> **What the task asks**:
Return, from the data that follows, each line that holds the word "then".

> **Data extracts**:
lemma Phi_at_left_end_pos:
  assumes k: "k \<ge> 4"
  shows "Phi k (pi / real k) > 0"
proof -
  define x where "x = pi / real k"
  define A where "A = absa x"
  have "0 < x" "x \<le> pi / 4" using pi_div_le_pi_div_4[of "real k"] k by (auto simp: x_def)
  then have A: "0 < A" "A ^ 2 \<le> 1 / 2" "A ^ 4 \<le> 1 / 4" and "0 < sin x" "0 < cos x"
    using absa_bounds[of x] absa_pow_le_half_pow[of x 2 4]
    by (auto simp: A_def power_divide intro!: sin_gt_zero cos_gt_zero_pi)
  have "(real k - 1) * x = pi - x" "(real k - 2) * x = pi - 2 * x"
    using k by (simp_all add: x_def field_simps)
  moreover have "sin (pi - 2 * x) = 2 * sin x * cos x" by (simp add: sin_double)
  ultimately have "Phi k x = (1 - A ^ 4) * sin x - A ^ 2 * sin x * (2 * A * cos x) + A ^ k * sin x"
    by (simp add: Phi_def A_def power2_eq_square power3_eq_cube)
  also have "\<dots> = sin x * (1 - A ^ 4 - A ^ 2 + A ^ k)"
    using absa_times_cos[of x] \<open>0 < cos x\<close> by (simp add: A_def algebra_simps)
  finally have "Phi k x = sin x * (1 - A ^ 4 - A ^ 2 + A ^ k)" .
  moreover have "0 < 1 - A ^ 4 - A ^ 2 + A ^ k"
    using A zero_le_power[of A k] by linarith
  ultimately show ?thesis using \<open>0 < sin x\<close> by (simp add: x_def)
qed

lemma Phi_at_right_end_neg:
  assumes k: "k \<ge> 5"
  shows "Phi k (pi / (real k - 1)) < 0"
proof -
  define x where "x = pi / (real k - 1)"
  define A where "A = absa x"
  have "0 < x" "x \<le> pi / 4" using pi_div_le_pi_div_4[of "real k - 1"] k by (auto simp: x_def)
  then have "0 < A" "A < 1" "0 < sin x"
    using absa_bounds[of x] by (auto simp: A_def intro!: sin_gt_zero)
  have "(real k - 1) * x = pi" "(real k - 2) * x = pi - x"
    using k by (simp_all add: x_def field_simps)
  then have "Phi k x = sin x * (A ^ k - A ^ 3)"
    by (simp add: Phi_def A_def algebra_simps)
  moreover have "A ^ k < A ^ 3"
    using \<open>0 < A\<close> \<open>A < 1\<close> k by (intro power_strict_decreasing) auto
  ultimately show ?thesis using \<open>0 < sin x\<close> by (simp add: x_def mult_pos_neg)
qed

lemma Phi_strict_antimono:
  assumes k: "k \<ge> 5" and "pi / real k \<le> u" "u < v" "v \<le> pi / (real k - 1)"
  shows "Phi k v < Phi k u"
proof (rule DERIV_neg_imp_decreasing[OF \<open>u < v\<close>])
  fix z assume z: "u \<le> z" "z \<le> v"
  have "0 < pi / real k" "pi / (real k - 1) \<le> pi / 4"
    using pi_div_le_pi_div_4[of "real k"] pi_div_le_pi_div_4[of "real k - 1"] k by auto
  with z assms have "0 < z" "z < pi / 2" by linarith+
  then have "cos z > 0" by (intro cos_gt_zero_pi) auto
  then show "\<exists>y. DERIV (Phi k) z :> y \<and> y < 0"
    using DERIV_Phi[of z k] Phi_deriv_neg[OF k, of z] z assms by auto
qed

> **Answer for this exercise**:
  then have A: "0 < A" "A ^ 2 \<le> 1 / 2" "A ^ 4 \<le> 1 / 4" and "0 < sin x" "0 < cos x"
  then have "0 < A" "A < 1" "0 < sin x"
  then have "Phi k x = sin x * (A ^ k - A ^ 3)"
  then have "cos z > 0" by (intro cos_gt_zero_pi) auto
  then show "\<exists>y. DERIV (Phi k) z :> y \<and> y < 0"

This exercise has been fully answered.